Acquired conditions that can lead to secondary hypogonadism include:
- Hypopituitarism (This condition may result from an adenoma, infiltrative disease, infection, injury, radiation therapy or surgery that affects your pituitary gland.).
- Hyperprolactinemia.
- Iron overload (hemochromatosis).
- Brain or head injury.
- Cushing’s syndrome.
- Cirrhosis of the liver.
- Kidney failure.
- HIV/AIDS.
- Alcohol use disorder.
- Poorly managed diabetes.
- Obesity.
- Obstructive sleep apnea.
- Certain medications, including estrogens, psychoactive drugs, metoclopramide, opioids, leuprolide, goserelin, triptorelin and newer androgen biosynthesis inhibitors for prostate cancer.
Late-onset hypogonadism (LOH) is a type of secondary male hypogonadism that results from normal aging. As males age they have a deterioration of hypothalamic-pituitary function and Leydig cell function that decrease testosterone and/or sperm production.
LOH and low testosterone are more common in people AMAB who have Type 2 diabetes, overweight and/or obesity.
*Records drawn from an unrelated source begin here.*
(* Let $d\ge1$, $\nu_p>0$, and let $p\in\mathcal T^d_{\nu_p}$ be a Student distribution with location $\mu_p\in\mathbb R^d$ and shape $\Sigma_p\in\mathcal S^d_{++}$. Let $\nu>0$ and consider the Student family $\mathcal T^d_\nu$, viewed as the $\lambda$-exponential family with $\lambda=-\frac2{\nu+d}$, sufficient statistic $T(x)=(x,xx^\top)$ and Lebesgue base measure, with associated $\alpha=1+\frac2{\nu+d}$. Then $p$ is $\mathcal T^d_\nu$-compatible if and only if $\nu_p+2\frac{\nu_p+d}{\nu+d}>2$, and the escort $p^{(\alpha)}$ is a Student distribution with $\nu^{(\alpha)}=\nu_p+2\frac{\nu_p+d}{\nu+d}$ degrees of freedom, location $\mu^{(\alpha)}=\mu_p$ and shape $\Sigma^{(\alpha)}=\frac{\nu_p}{\nu^{(\alpha)}}\Sigma_p$.
   Context: $\mathcal S^d_{++}$ denotes positive definite symmetric $d\times d$ matrices. The Student family $\mathcal T^d_\nu$ consists of densities on $\mathbb R^d$ (w.r.t. Lebesgue) $q_{\mu,\Sigma}(x)=\frac1{Z_\nu}\det(\Sigma)^{-1/2}\big(1+\frac1\nu(x-\mu)^\top\Sigma^{-1}(x-\mu)\big)^{-\frac{\nu+d}2}$ with $\mu\in\mathbb R^d$, $\Sigma\in\mathcal S^d_{++}$ and normalizing constant $Z_\nu$. The escort of a density $p$ with exponent $\alpha>0$ is $p^{(\alpha)}=p^\alpha/\int p^\alpha dx$ (when finite). For the $\lambda$-exponential family with sufficient statistic $T$ (with densities $q_\vartheta(x)=\exp(c_\lambda(\vartheta,T(x))-\varphi_\lambda(\vartheta))$, $c_\lambda(u,v)=\frac1\lambda\log(1+\lambda\langle u,v\rangle)$, support $S_\vartheta=\{x:1+\lambda\langle\vartheta,T(x)\rangle>0\}$), a density $p$ is $\mathcal T^d_\nu$-compatible if for every member $q_\vartheta$, with $p_{|S_\vartheta}=p\mathbf 1_{S_\vartheta}$, one has $\int p_{|S_\vartheta}^\alpha dx\in(0,\infty)$ and $\int T\,p_{|S_\vartheta}^\alpha dx$ finite componentwise; for the Student family all supports equal $\mathbb R^d$. *)

theory Defs
  imports "HOL-Analysis.Analysis"
begin

text \<open>Dimension d = CARD('n); R^d is real^'n, d x d matrices are real^'n^'n.\<close>

definition pos_def_sym :: "real^'n^'n \<Rightarrow> bool" where
  "pos_def_sym S \<longleftrightarrow> transpose S = S \<and> (\<forall>x::real^'n. x \<noteq> 0 \<longrightarrow> x \<bullet> (S *v x) > 0)"

definition student_kernel :: "real \<Rightarrow> real^'n \<Rightarrow> real^'n^'n \<Rightarrow> real^'n \<Rightarrow> real" where
  "student_kernel \<nu> \<mu> S x =
     (1 + (1/\<nu>) * ((x - \<mu>) \<bullet> (matrix_inv S *v (x - \<mu>)))) powr (-(\<nu> + real CARD('n)) / 2)"

definition student_density :: "real \<Rightarrow> real^'n \<Rightarrow> real^'n^'n \<Rightarrow> real^'n \<Rightarrow> real" where
  "student_density \<nu> \<mu> S x =
     (1 / integral\<^sup>L lborel (\<lambda>y::real^'n. student_kernel \<nu> 0 (mat 1) y))
     * det S powr (-1/2) * student_kernel \<nu> \<mu> S x"

definition escort :: "real \<Rightarrow> (real^'n \<Rightarrow> real) \<Rightarrow> real^'n \<Rightarrow> real" where
  "escort \<alpha> p x = p x powr \<alpha> / integral\<^sup>L lborel (\<lambda>y. p y powr \<alpha>)"

text \<open>T^d_nu-compatibility: the Student family as lambda-exponential family with
  lambda = -2/(nu+d), T(x) = (x, x x^T), alpha = 1 + 2/(nu+d).  For every member q_theta
  (every mu, positive definite Sigma) with support S_theta (where the member is positive,
  which is all of R^d), the restriction of p to S_theta raised to alpha has integral in (0,inf)
  and all components of T times it are (Lebesgue) integrable.\<close>

definition student_alpha :: "real \<Rightarrow> nat \<Rightarrow> real" where
  "student_alpha \<nu> d = 1 + 2 / (\<nu> + real d)"

definition student_compatible :: "real \<Rightarrow> (real^'n \<Rightarrow> real) \<Rightarrow> bool" where
  "student_compatible \<nu> p \<longleftrightarrow>
     (\<forall>(\<mu>::real^'n) (S::real^'n^'n). pos_def_sym S \<longrightarrow>
       (let supp = {x. student_density \<nu> \<mu> S x > 0};
            pr = (\<lambda>x. indicator supp x * p x);
            \<alpha> = student_alpha \<nu> CARD('n)
        in integrable lborel (\<lambda>x. pr x powr \<alpha>)
           \<and> integral\<^sup>L lborel (\<lambda>x. pr x powr \<alpha>) > 0
           \<and> (\<forall>i. integrable lborel (\<lambda>x. x $ i * pr x powr \<alpha>))
           \<and> (\<forall>i j. integrable lborel (\<lambda>x. x $ i * x $ j * pr x powr \<alpha>))))"

end

theory Submission
  imports Defs
begin

text \<open>Raising the Student kernel (1 + Q/\<nu>p) powr (-(\<nu>p + d)/2) to the power
  \<alpha> = 1 + 2/(\<nu> + d) turns the exponent into -(\<nu>\<alpha> + d)/2, and rescaling the shape by
  \<nu>p/\<nu>\<alpha> restores the form 1 + Q'/\<nu>\<alpha>.  So p powr \<alpha> is a constant multiple of a
  Student kernel with \<nu>\<alpha> degrees of freedom, and normalising it gives the claimed Student
  density.  Normalising constants come from the affine substitution x = \<mu> + U y with
  U^T \<Sigma>^-1 U = I, which turns every Student kernel into the standard one at the cost of the
  Jacobian |det U| = sqrt (det \<Sigma>).

  Compatibility asks for integrability of p powr \<alpha> against 1, x and x x^T.  Integrability
  against 1 always holds and against x follows from that against x x^T.  The second moments of
  a Student kernel with \<nu>\<alpha> degrees of freedom are integrable exactly when \<nu>\<alpha> > 2: for
  \<nu>\<alpha> > 2 they are dominated by a profile (1 + |y|^2/\<nu>) powr (-s) with s > d/2, which is
  bounded by a product of integrable one-dimensional functions; for \<nu>\<alpha> \<le> 2 a dilation
  argument rules out integrability.\<close>

section \<open>Lebesgue measure under invertible linear maps\<close>

lemma matrix_vector_mult_measurable [measurable]:
  "(\<lambda>x. (A::real^'n^'m) *v x) \<in> borel_measurable borel"
  by (intro borel_measurable_continuous_onI linear_continuous_on matrix_vector_mul_bounded_linear)

lemma reindex_measurable [measurable]:
  "(\<lambda>x::real^'n. \<chi> i. x $ e i) \<in> borel_measurable borel"
  by (intro borel_measurable_continuous_onI continuous_on_vec_lambda linear_continuous_on
      bounded_linear_vec_nth)

lemma vec_nth_measurable [measurable]:
  "(\<lambda>x::real^'n. x $ i) \<in> borel_measurable borel"
  by (intro borel_measurable_continuous_onI linear_continuous_on bounded_linear_vec_nth)

lemma prod_Basis_cart: "(\<Prod>b\<in>Basis. (v::real^'n) \<bullet> b) = (\<Prod>i\<in>UNIV. v $ i)"
  by (simp add: Basis_vec_def cart_eq_inner_axis axis_eq_axis prod.UNION_disjoint)

lemma distr_lborel_reindex:
  fixes e :: "'m::finite \<Rightarrow> 'n::finite"
  assumes e: "bij e"
  shows "distr lborel borel (\<lambda>x::real^'n. \<chi> i. x $ e i) = (lborel :: (real^'m) measure)"
proof (rule lborel_eqI[symmetric])
  fix l u :: "real^'m"
  assume le: "\<And>b. b \<in> Basis \<Longrightarrow> l \<bullet> b \<le> u \<bullet> b"
  let ?inv = "\<lambda>v::real^'m. \<chi> j. v $ inv e j"
  have pre: "(\<lambda>x::real^'n. \<chi> i. x $ e i) -` box l u = box (?inv l) (?inv u)"
  proof (intro set_eqI iffI)
    fix x :: "real^'n"
    assume "x \<in> (\<lambda>x. \<chi> i. x $ e i) -` box l u"
    then show "x \<in> box (?inv l) (?inv u)"
      using bij_inv_eq_iff[OF e] by (simp add: mem_box_cart) metis
  next
    fix x :: "real^'n"
    assume "x \<in> box (?inv l) (?inv u)"
    then show "x \<in> (\<lambda>x. \<chi> i. x $ e i) -` box l u"
      using bij_inv_eq_iff[OF e] by (simp add: mem_box_cart) metis
  qed
  have "l $ i \<le> u $ i" for i
    using le[of "axis i 1"] by (simp add: inner_axis)
  then have "\<forall>b\<in>Basis. ?inv l \<bullet> b \<le> ?inv u \<bullet> b"
    by (auto simp: Basis_vec_def inner_axis)
  then have "emeasure lborel (box (?inv l) (?inv u)) = (\<Prod>j\<in>UNIV. u $ inv e j - l $ inv e j)"
    by (simp add: prod_Basis_cart)
  also have "\<dots> = (\<Prod>i\<in>UNIV. u $ i - l $ i)"
    using prod.reindex_bij_betw[OF bij_betw_inv_into[OF e], of "\<lambda>i. u $ i - l $ i"]
    by (simp add: inv_def)
  finally show "emeasure (distr lborel borel (\<lambda>x::real^'n. \<chi> i. x $ e i)) (box l u)
      = (\<Prod>b\<in>Basis. (u - l) \<bullet> b)"
    by (simp add: emeasure_distr pre prod_Basis_cart)
qed simp

lemma det_reindex:
  fixes A :: "'a::comm_ring_1^'n^'n" and e :: "'m::finite \<Rightarrow> 'n"
  assumes e: "bij e"
  shows "det (\<chi> i j. A $ e i $ e j) = det A"
proof -
  have inj: "inj e" and inv: "bij (inv e)"
    using e by (auto simp: bij_is_inj bij_imp_bij_inv)
  show ?thesis
    unfolding det_def
  proof (rule sum.reindex_bij_witness[where j = "map_permutation UNIV e"
        and i = "map_permutation UNIV (inv e)"])
    fix q :: "'m \<Rightarrow> 'm"
    assume "q \<in> {q. q permutes UNIV}"
    then have q: "q permutes UNIV" by simp
    show "map_permutation UNIV (inv e) (map_permutation UNIV e q) = q"
      by (rule map_permutation_compose_inv[OF e q]) (simp add: inv_f_f[OF inj])
    show "map_permutation UNIV e q \<in> {p. p permutes UNIV}"
      using map_permutation_permutes[OF e q] by simp
    have "(\<Prod>i\<in>UNIV. A $ i $ map_permutation UNIV e q i)
        = (\<Prod>j\<in>UNIV. A $ e j $ map_permutation UNIV e q (e j))"
      using prod.reindex_bij_betw[OF e, of "\<lambda>i. A $ i $ map_permutation UNIV e q i"] by simp
    also have "\<dots> = (\<Prod>j\<in>UNIV. A $ e j $ e (q j))"
      using map_permutation_apply[OF inj_on_subset[OF inj]] by simp
    finally show "of_int (sign (map_permutation UNIV e q))
          * (\<Prod>i\<in>UNIV. A $ i $ map_permutation UNIV e q i)
        = of_int (sign q) * (\<Prod>j\<in>UNIV. (\<chi> i j. A $ e i $ e j) $ j $ q j)"
      using sign_map_permutation[OF inj q] by simp
  next
    fix p :: "'n \<Rightarrow> 'n"
    assume "p \<in> {p. p permutes UNIV}"
    then have p: "p permutes UNIV" by simp
    show "map_permutation UNIV e (map_permutation UNIV (inv e) p) = p"
      by (rule map_permutation_compose_inv[OF inv p]) (simp add: surj_f_inv_f[OF bij_is_surj[OF e]])
    show "map_permutation UNIV (inv e) p \<in> {q. q permutes UNIV}"
      using map_permutation_permutes[OF inv p] by simp
  qed
qed
lemma prod_atMost_drop:
  "(\<Prod>m\<in>{k..N::nat}. if m < N \<and> P m then f m else (1::'a::comm_monoid_mult)) = (\<Prod>m\<in>{k..<N}. if P m then f m else 1)"
proof (cases "k \<le> N")
  case True
  then have "{k..N} = insert N {k..<N}" by auto
  then show ?thesis by (simp add: prod.insert)
next
  case False
  then show ?thesis by simp
qed

lemma prod_pair_factor_lower_upper:
  assumes "m \<le> N"
  shows "(\<Prod>m'\<in>{l..N}. pair_factor h N (m,a) (m',Suc a) (X m) (Y m'))
   = (if m < N \<and> l \<le> Suc m then 1 - Y (Suc m) / X m else 1)
   * (if m < N \<and> l \<le> m then (1 - h * Y m / X m) / (1 - Y m / X m) else 1)"
proof -
  have "(\<Prod>m'\<in>{l..N}. pair_factor h N (m,a) (m',Suc a) (X m) (Y m'))
    = (\<Prod>m'\<in>{l..N}. if m < N \<and> m' = Suc m then 1 - Y m' / X m
         else if m < N \<and> m' = m then (1 - h * Y m' / X m) / (1 - Y m' / X m) else 1)"
    by (rule prod.cong[OF refl]) (auto simp: pair_factor_def)
  also have "\<dots> = (\<Prod>m'\<in>{m'\<in>{l..N}. m < N \<and> m' = Suc m}. 1 - Y m' / X m)
      * (\<Prod>m'\<in>{m'\<in>{l..N}. m < N \<and> m' = m}. (1 - h * Y m' / X m) / (1 - Y m' / X m))"
    by (rule prod_if_if) auto
  also have "\<dots> = (if m < N \<and> l \<le> Suc m then 1 - Y (Suc m) / X m else 1)
   * (if m < N \<and> l \<le> m then (1 - h * Y m / X m) / (1 - Y m / X m) else 1)" unfolding prod_single_filter[OF finite_atLeastAtMost] using assms by simp
  finally show ?thesis .
qed

lemma prod_pair_factor_upper_lower:
  "(\<Prod>m'\<in>{k..N}. pair_factor h N (m,Suc a) (m',a) (Y m) (X m'))
   = (if m < N \<and> k \<le> Suc m then 1 - h * X (Suc m) / Y m else 1)"
proof -
  have "(\<Prod>m'\<in>{k..N}. pair_factor h N (m,Suc a) (m',a) (Y m) (X m'))
    = (\<Prod>m'\<in>{m'\<in>{k..N}. m < N \<and> m' = Suc m}. 1 - h * X m' / Y m)"
    by (subst prod.inter_filter) (auto simp: pair_factor_def intro!: prod.cong)
  also have "\<dots> = (if m < N \<and> k \<le> Suc m then 1 - h * X (Suc m) / Y m else 1)" unfolding prod_single_filter[OF finite_atLeastAtMost] by simp
  finally show ?thesis .
qed
lemma lis_mobius_det_nonzero:
  fixes u v w :: complex
  assumes "u \<noteq> 0" "v \<noteq> 0" "u \<noteq> w" "v \<noteq> w"
  shows "(u * v - u * w - v * w) * (u * v) - u * v * w * (- w) \<noteq> 0"
proof -
  have "(u * v - u * w - v * w) * (u * v) - u * v * w * (- w) = u * v * ((u - w) * (v - w))"
    by algebra
  then show ?thesis using assms by simp
qed

lemma abs_cross_ratio_lis_mobius:
  assumes "cmod u = 1" "cmod v = 1" "u * v \<noteq> w * c" "u * v \<noteq> w * d" "u \<noteq> w" "v \<noteq> w"
  shows "abs_cross_ratio u (lis_mobius u v w c) (lis_mobius u v w d) v = abs_cross_ratio u c d v"
proof -
  have "cmod (u - w) \<noteq> 0" "cmod (v - w) \<noteq> 0" "cmod (u * v - w * c) \<noteq> 0" "cmod (u * v - w * d) \<noteq> 0"
    using assms by auto
  then show ?thesis
    unfolding abs_cross_ratio_def lis_mobius_diffs[OF assms(3)] lis_mobius_diffs[OF assms(4)]
    using assms(1,2) by (simp add: norm_mult norm_divide norm_minus_commute)
qed

lemma parallel_lines_unit_circle:
  assumes unit: "cmod u = 1" "cmod v = 1" "cmod c = 1" "cmod d = 1" and "u \<noteq> v"
    and "parallel_lines u v c d"
  shows "u * v = c * d"
proof -
  obtain k :: real where k: "v - u = of_real k * (d - c)"
    using assms unfolding parallel_lines_def by auto
  have nz: "u \<noteq> 0" "v \<noteq> 0" "c \<noteq> 0" "d \<noteq> 0" using unit by auto
  have "cnj (v - u) = of_real k * cnj (d - c)" using k by simp
  then have "(u - v) / (u * v) = of_real k * (c - d) / (c * d)"
    using nz by (simp add: cnj_unit unit field_simps)
  also have "of_real k * (c - d) = u - v" using k by (simp add: algebra_simps)
  finally show ?thesis using \<open>u \<noteq> v\<close> nz by (simp add: field_simps)
qed

lemma lis_mobius_parallel:
  assumes "u * v = c * d" "c \<noteq> 0" "d \<noteq> w"
  shows "lis_mobius u v w c = ((u + v - d) * w - c * d) / (w - d)"
proof -
  have "u * v - w * c = c * (d - w)" using assms(1) by algebra
  then have "u * v - w * c \<noteq> 0" "w - d \<noteq> 0" using assms(2,3) by auto
  moreover have "((u * v - u * w - v * w) * c + u * v * w) * (w - d)
      = ((u + v - d) * w - c * d) * (u * v - w * c)"
    using assms(1) by algebra
  ultimately show ?thesis unfolding lis_mobius_def by (simp add: frac_eq_eq)
qed

lemma lis_mobius_parallel_chords:
  assumes "cmod u = 1" "cmod v = 1" "cmod c = 1" "cmod d = 1" "u \<noteq> v" "c \<noteq> w" "d \<noteq> w"
    and "parallel_lines u v c d"
  shows "u * v = c * d \<and> lis_mobius u v w c = ((u + v - d) * w - c * d) / (w - d)
    \<and> lis_mobius u v w d = ((u + v - c) * w - c * d) / (w - c)"
proof -
  have "u * v = c * d" using parallel_lines_unit_circle assms by blast
  moreover have "c \<noteq> 0" "d \<noteq> 0" using assms by auto
  ultimately show ?thesis
    using lis_mobius_parallel[of u v c d w] lis_mobius_parallel[of u v d c w] assms
    by (simp add: mult.commute)
qed

lemma cis_neq_cis:
  assumes "0 < \<bar>x - y\<bar>" "\<bar>x - y\<bar> < 2 * pi"
  shows "cis x \<noteq> cis y"
proof
  assume "cis x = cis y"
  then have "cos (x - y) = 1" by (metis cis.sel(1) cis_divide divide_self_if one_complex.sel(1) cis_neq_zero)
  then obtain n :: int where "x - y = of_int n * 2 * pi" by (auto simp: cos_one_2pi_int)
  then have "0 < \<bar>of_int n\<bar> * (2 * pi)" "\<bar>of_int n\<bar> * (2 * pi) < 1 * (2 * pi)"
    using assms by (simp_all add: abs_mult)
  then have "0 < \<bar>of_int n :: real\<bar>" "\<bar>of_int n :: real\<bar> < 1"
    by (simp_all add: zero_less_mult_iff)
  then show False by simp
qed

lemma cis_eq_cis_imp_eq: "\<bar>x - y\<bar> < 2 * pi \<Longrightarrow> cis x = cis y \<Longrightarrow> x = y"
  using cis_neq_cis[of x y] by fastforce

lemma cis_sign_neq:
  assumes "\<sigma> = 1 \<or> \<sigma> = -1" "0 < \<bar>x - y\<bar>" "\<bar>x - y\<bar> < 2 * pi"
  shows "cis (\<sigma> * x) \<noteq> cis (\<sigma> * y)"
  using assms cis_neq_cis[of "\<sigma> * x" "\<sigma> * y"] by (auto simp: abs_minus_commute)

lemma sin_half_cis: "complex_of_real (sin (x / 2)) = (cis x - 1) / (2 * \<i> * cis (x / 2))"
proof -
  have "cis x = cis (x / 2) * cis (x / 2)" by (simp add: cis_mult)
  then have "(cis x - 1) / (2 * \<i> * cis (x / 2)) = (cis (x / 2) - cis (- (x / 2))) / (2 * \<i>)"
    by (simp add: field_simps flip: cis_inverse)
  also have "\<dots> = complex_of_real (sin (x / 2))" by (simp add: complex_eq_iff)
  finally show ?thesis by simp
qed

definition lis_param :: "real \<Rightarrow> real \<Rightarrow> real \<Rightarrow> real" where
  "lis_param t \<omega> \<beta> = sin (t / 2) * sin (\<omega> / 2) / (sin ((\<omega> + t - \<beta>) / 2) * sin (\<beta> / 2))"

lemma lis_param_cis:
  assumes "cis \<beta> \<noteq> 1" "cis t * cis \<omega> \<noteq> cis \<beta>"
  shows "complex_of_real (lis_param t \<omega> \<beta>)
    = (cis t - 1) * (cis \<omega> - 1) * cis \<beta> / ((cis t * cis \<omega> - cis \<beta>) * (cis \<beta> - 1))"
proof -
  define a c e where "a = cis (t / 2)" and "c = cis (\<omega> / 2)" and "e = cis (\<beta> / 2)"
  have nz: "a \<noteq> 0" "c \<noteq> 0" "e \<noteq> 0" and sq: "cis \<beta> = e * e"
    by (simp_all add: a_def c_def e_def cis_mult)
  have half: "cis ((\<omega> + t - \<beta>) / 2) = a * c / e" "cis (\<omega> + t - \<beta>) = cis t * cis \<omega> / cis \<beta>"
    by (simp_all add: a_def c_def e_def cis_mult cis_divide add_divide_distrib diff_divide_distrib add.commute)
  then have sin_sum: "complex_of_real (sin ((\<omega> + t - \<beta>) / 2)) = (cis t * cis \<omega> - cis \<beta>) / (2 * \<i> * a * c * e)"
    unfolding sin_half_cis half using nz by (simp add: sq field_simps)
  have "(cis t * cis \<omega> - cis \<beta>) * (cis \<beta> - 1) \<noteq> 0"
    using assms by simp
  then show ?thesis
    unfolding lis_param_def of_real_mult of_real_divide sin_sum
    unfolding sin_half_cis
    using nz by (simp add: sq flip: a_def c_def e_def) (simp add: field_simps minus_divide_left algebra_simps)
qed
In one study, 30% of people AMAB who were overweight had low testosterone, compared to only 6% of those with weight in the normal range. In another study, 25% of people AMAB with Type 2 diabetes had low testosterone, compared to 13% of those without diabetes.
DIAGNOSIS AND TESTS
How is low testosterone diagnosed?
If you have signs and symptoms of low testosterone, a healthcare provider will perform a physical exam. They’ll also ask questions about your medical history, medications you take or have taken, smoking history and any symptoms you currently have. Blood tests may be ordered.
To make a diagnosis, a provider will consider your specific signs, symptoms and any blood test results.
What tests will be done to diagnose low testosterone?
The following tests can help confirm low testosterone and determine the cause:
- Total testosterone level blood test: This test usually requires two sample collections between 8 a.m. and 10 a.m., when testosterone levels should be at their highest. If you’re sick or have recently been sick, it’s important to tell your provider. Acute illness may cause a falsely low result.
- Luteinizing hormone (LH) blood test: This test can help determine if the cause of low testosterone is an issue with your pituitary gland.
- Prolactin blood test: High prolactin levels may be a sign of pituitary gland issues or tumors.
MANAGEMENT AND TREATMENT
How is low testosterone treated?
Healthcare providers treat low testosterone (male hypogonadism) with testosterone replacement therapy. Testosterone replacement therapy has several different forms, including:
- Testosterone skin gels: You apply the gel every day to clean, dry skin as directed. It’s important that you don’t transfer the gel to another person through skin-to-skin contact. Testosterone skin gels are one of the most common forms of treatment in the U.S.
- Intramuscular testosterone injections: You or a provider can administer the injections into a muscle every 1 to 2 weeks. Providers can administer long-acting testosterone by injection every 10 weeks. There are also subcutaneous injection options.
- Testosterone patches: You apply these patches every day to your skin as directed. You usually have to rotate their location to avoid skin reactions.
- Testosterone pellets: A specialist implants these pellets under your skin every three to six months. The pellets provide consistent and long-term testosterone dosages.
- Buccal testosterone tablets: These are sticky pills that you apply to your gums twice a day. The testosterone absorbs quickly into your bloodstream through your gums.
- Testosterone nasal gel: You apply a testosterone gel by applying it into each nostril three times a day.
- Oral testosterone: A pill form of testosterone called undecanoate is available for people with low testosterone due to specific medical conditions, such as Klinefelter syndrome or tumors that have damaged their pituitary gland.
You may not be able to receive testosterone replacement therapy if you have a history of the following:
- Prostate cancer.
- An unevaluated lump on your prostate. Everyone considering testosterone replacement therapy must undergo prostate screening before starting this therapy.
- Breast cancer.
- Uncontrolled heart failure.
- Untreated obstructive sleep apnea.
What are the side effects of testosterone replacement therapy?
The side effects of testosterone replacement therapy include:
- Acne or oily skin.
- Swelling in your ankles caused by mild fluid retention.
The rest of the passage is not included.